Cómo hacer un Captcha y que te salga una mierda tal cual: RapidShare. Pero hablemos de humanos y más exactamente de personas: algunas no saben contar. Y eso hace que nuestras propias conclusiones nos terminen asustando. Pero nos terminamos aclarando, aunque sea erróneamente: no podemos usar captchas por que nunca serán completamente fiables, no podemos contarnos según cookies ni tampoco por IPs, ni siquiera por ordenadores. Al fin y al cabo, no somos personas. Aren’t we?

Y hablando de medir, hay que ir con mucho cuidado. No vaya a ser que el ego se nos vuelva más salvaje de lo que debería y pase que un diario nacional que se la mide con el New York Times.

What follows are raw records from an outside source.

lemma coeff_prod_linear_factors_pred:
  fixes as :: "'a::idom list"
  assumes "as \<noteq> []"
  shows "Polynomial.coeff (\<Prod>a\<leftarrow>as. [:- a, 1:]) (length as - 1) = - sum_list as"
  using assms
proof (induction as)
  case (Cons a as)
  let ?p = "\<Prod>a\<leftarrow>as. [:- a, 1:]"
  have "monic ?p"
    by (rule monic_prod_list) auto
  then have lead: "Polynomial.coeff ?p (length as) = 1"
    by (metis degree_linear_factors)
  show ?case
  proof (cases "as = []")
    case False
    then show ?thesis using Cons.IH lead
      by (cases "length as") (auto simp: mult_pCons_left coeff_pCons algebra_simps)
  qed simp
qed simp

lemma trace_eq_sum_list_eigenvalues:
  fixes A :: "'a::conjugatable_ordered_field mat"
  assumes A: "A \<in> carrier_mat n n" and char_poly: "char_poly A = (\<Prod>e\<leftarrow>es. [:- e, 1:])"
  shows "trace A = sum_list es"
proof -
  obtain B P Q where "schur_decomposition A es = (B, P, Q)"
    by (cases "schur_decomposition A es")
  with schur_decomposition[OF A char_poly]
  have sim: "similar_mat_wit A B P Q" and diag: "diag_mat B = es" by auto
  have B: "B \<in> carrier_mat n n"
    using sim A unfolding similar_mat_wit_def Let_def by auto
  have "trace A = trace B" by (rule trace_similar_mat_wit[OF sim])
  also have "\<dots> = sum_list es"
    unfolding diag[symmetric] diag_mat_def trace_def using B
    by (simp add: sum_list_sum_nth atLeast0LessThan)
  finally show ?thesis .
qed

lemma eigenvalue_pow_Suc_eq:
  fixes X :: "'a::field mat"
  assumes X: "X \<in> carrier_mat n n" and periodic: "X ^\<^sub>m Suc N = X" and "eigenvalue X a"
  shows "a ^ Suc N = a"
proof -
  obtain w where ev: "eigenvector X w a"
    using \<open>eigenvalue X a\<close> unfolding eigenvalue_def by blast
  then have w: "w \<in> carrier_vec n" "w \<noteq> 0\<^sub>v n" and Xw: "X *\<^sub>v w = a \<cdot>\<^sub>v w"
    using X unfolding eigenvector_def by auto
  obtain i where i: "i < n" "w $ i \<noteq> 0"
    using w by (metis carrier_vecD eq_vecI index_zero_vec)
  have "a ^ Suc N \<cdot>\<^sub>v w = a \<cdot>\<^sub>v w"
    using eigenvector_pow[OF X ev, of "Suc N"] periodic Xw by simp
  from arg_cong[OF this, of "\<lambda>u. u $ i"] i w show ?thesis by simp
qed

lemma char_poly_dvd_if_pow_Suc_eq:
  fixes X :: "complex mat"
  assumes X: "X \<in> carrier_mat n n" and periodic: "X ^\<^sub>m Suc N = X"
  shows "char_poly X dvd ([:0, 1:] ^ Suc N - [:0, 1:]) ^ n"
proof -
  obtain es where char_poly: "char_poly X = (\<Prod>e\<leftarrow>es. [:- e, 1:])" and len: "length es = n"
    using char_poly_factorized[OF X] by blast
  have "[:- e, 1:] dvd [:0, 1:] ^ Suc N - [:0, 1:]" if "e \<in> set es" for e
  proof -
    have "eigenvalue X e"
      using that unfolding eigenvalue_root_char_poly[OF X] char_poly poly_prod_list
      by (auto simp: prod_list_zero_iff)
    then have "e ^ Suc N = e" by (rule eigenvalue_pow_Suc_eq[OF X periodic])
    then have "poly ([:0, 1:] ^ Suc N - [:0, 1:]) e = 0"
      by (simp only: poly_diff poly_power) simp
    then show ?thesis by (simp only: poly_eq_0_iff_dvd)
  qed
  then have "char_poly X dvd (\<Prod>e\<leftarrow>es. [:0, 1:] ^ Suc N - [:0, 1:])"
    unfolding char_poly by (induction es) (simp_all add: mult_dvd_mono del: mult_pCons_left)
  then show ?thesis by (simp add: map_replicate_const len)
qed

lemma monic_rat_factor_of_monic_int_poly:
  fixes p :: "rat poly" and f :: "int poly"
  assumes "p dvd of_int_poly f" and "monic p" and "monic f"
  obtains g where "p = of_int_poly g"
proof -
  obtain h where factor: "of_int_poly f = p * h"
    using assms(1) by (auto elim: dvdE)
  obtain r g where normalized: "rat_to_normalized_int_poly p = (r, g)" by force
  note p_eq = rat_to_normalized_int_poly(1,2)[OF normalized]
  obtain h' where "f = g * smult (content f) h'"
    using rat_to_int_factor_explicit[OF factor normalized] by blast
  then have "lead_coeff g dvd 1"
    using \<open>monic f\<close> by (metis dvdI lead_coeff_mult)
  then have "\<bar>lead_coeff g\<bar> = 1"
    by (simp add: zdvd1_eq)
  then have "lead_coeff g = 1 \<or> lead_coeff g = -1"
    by linarith
  moreover have "r * of_int (lead_coeff g) = 1"
    using \<open>monic p\<close> p_eq(1) by (metis lead_coeff_smult of_int_hom.hom_lead_coeff)
  ultimately have "r = 1" using p_eq(2) by auto
  with p_eq(1) show ?thesis using that by simp
qed

lemma monic_X_pow_Suc_minus_X:
  assumes "N > 0"
  shows "monic ([:0, 1::'a::idom:] ^ Suc N - [:0, 1:])"
proof -
  have degree: "degree ([:0, 1::'a:] ^ Suc N) = Suc N" by (rule degree_linear_power)
  have lead: "lead_coeff ([:0, 1::'a:] ^ Suc N) = 1" by (simp only: lead_coeff_power) simp
  have "[:0, 1:] ^ Suc N - [:0, 1:] = - [:0, 1:] + [:0, 1::'a:] ^ Suc N" by simp
  also have "lead_coeff \<dots> = 1"
    using assms lead by (subst lead_coeff_add_le) (simp_all only: degree degree_minus, simp_all)
  finally show ?thesis .
qed

(* The eigenvalues of X are 0 or roots of unity, so char_poly X divides (x^(N+1) - x)^n; by
   Gauss's lemma it has integer coefficients, and the trace is minus one of them. *)
theorem trace_in_Ints_if_pow_Suc_eq:
  fixes X :: "rat mat"
  assumes X: "X \<in> carrier_mat n n" and "N > 0" and periodic: "X ^\<^sub>m Suc N = X"
  shows "trace X \<in> \<int>"
proof (cases "n = 0")
  case True
  then show ?thesis using X by (simp add: trace_def)
next
  case False
  define Xc :: "complex mat" where "Xc = of_rat_hom.mat_hom X"
  have Xc: "Xc \<in> carrier_mat n n" using X by (simp add: Xc_def)
  have periodic_c: "Xc ^\<^sub>m Suc N = Xc"
    unfolding Xc_def of_rat_hom.mat_hom_pow[OF X, symmetric] periodic ..
  have char_poly_c: "char_poly Xc = map_poly of_rat (char_poly X)"
    unfolding Xc_def by (rule of_rat_hom.char_poly_hom[OF X])
  define f :: "int poly" where "f = ([:0, 1:] ^ Suc N - [:0, 1:]) ^ n"
  have "map_poly (of_rat :: rat \<Rightarrow> complex) (of_int_poly f) = of_int_poly f"
    by (simp add: map_poly_map_poly o_def)
  also have "\<dots> = ([:0, 1:] ^ Suc N - [:0, 1:]) ^ n"
    unfolding f_def by (simp only: of_int_poly_hom.hom_power of_int_poly_hom.hom_minus) simp
  finally have "map_poly of_rat (char_poly X) dvd map_poly (of_rat :: rat \<Rightarrow> complex) (of_int_poly f)"
    using char_poly_dvd_if_pow_Suc_eq[OF Xc periodic_c] by (simp only: char_poly_c)
  then have "char_poly X dvd of_int_poly f"
    by (rule of_rat_hom.dvd_map_poly_hom_imp_dvd)
  moreover have "monic (char_poly X)"
    using degree_monic_char_poly[OF X] by simp
  moreover have "monic f"
    unfolding f_def by (rule monic_power[OF monic_X_pow_Suc_minus_X[OF \<open>N > 0\<close>]])
  ultimately obtain g where g: "char_poly X = of_int_poly g"
    by (rule monic_rat_factor_of_monic_int_poly)
  obtain es where es: "char_poly Xc = (\<Prod>e\<leftarrow>es. [:- e, 1:])" and len: "length es = n"
    using char_poly_factorized[OF Xc] by blast
  have "of_rat (trace X) = trace Xc"
    unfolding Xc_def by (rule trace_of_rat_mat[OF X, symmetric])
  also have "\<dots> = sum_list es"
    by (rule trace_eq_sum_list_eigenvalues[OF Xc es])
  also have "\<dots> = - Polynomial.coeff (char_poly Xc) (n - 1)"
    using coeff_prod_linear_factors_pred[of es] es len \<open>n \<noteq> 0\<close> by auto
  also have "\<dots> = of_rat (- of_int (Polynomial.coeff g (n - 1)))"
    unfolding char_poly_c g by (simp add: coeff_map_poly of_rat_minus)
  finally show ?thesis
    unfolding of_rat_eq_iff by simp
qed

Ahora me voy a mi esquina, a reflexionar sobre lo que hemos hecho.

Mejorando lo mejorable

- Mejorando aquícerca (aquicerca.mobi), presentado por aquí

Por una parte, ‘detalles’: el CSS y el JavaScript ahora están comprimidos, asi que se debería notar cierta mejoría, sobre todo al usarlo con GPRS/3G, aunque –pese a todo– las librerías de Google Maps son muy pesadas (necesarias aunque sólo use una ínfima parte –el geocoder–). La salida de AJAX, por cierto, está comprimida por GZIP y pasa por un buffer, así que se queda menos ‘pillado’ cuando se busca un lugar. Y ya no es necesario hacer scroll para ocultar la barra de direcciones, puesto que se oculta automágicamente cuando no es necesaria.

Y en cuanto a lo importante: al ver los resultados, hay un icono de teléfono delante del nombre del lugar y un icono de mapa delante de la calle. Si es posible mostrar un mapa, la calle se vuelve ‘clicable’ y el icono de mapa está a todo color. Si está disponible el número de teléfono del lugar, se puede pinchar encima del nombre y el iPhone preguntará si se desea llamar. Sin embargo, cuando no es posible llamar o ver el mapa, los iconos se transparentan (y no hay enlace).

Luego, la otra novedad, y la más gorda: mapas, mapas, mapas. Aunque tampoco es un misterio… Al pinchar encima de la calle se muestra un callejero de Google Maps adaptado para móviles. Está preparado para ocupar toda la pantalla –ocultando la barra de direcciones– y cambia de orientación al girar el teléfono. Y tiene una imagen de carga muy clásica (plan AJAX). Luego, lo obvio: dos globitos. Uno rojo que indica la posición del usuario y uno verde que indica la posición del lugar seleccionado. Y para cerrar, basta con tocar el mapa.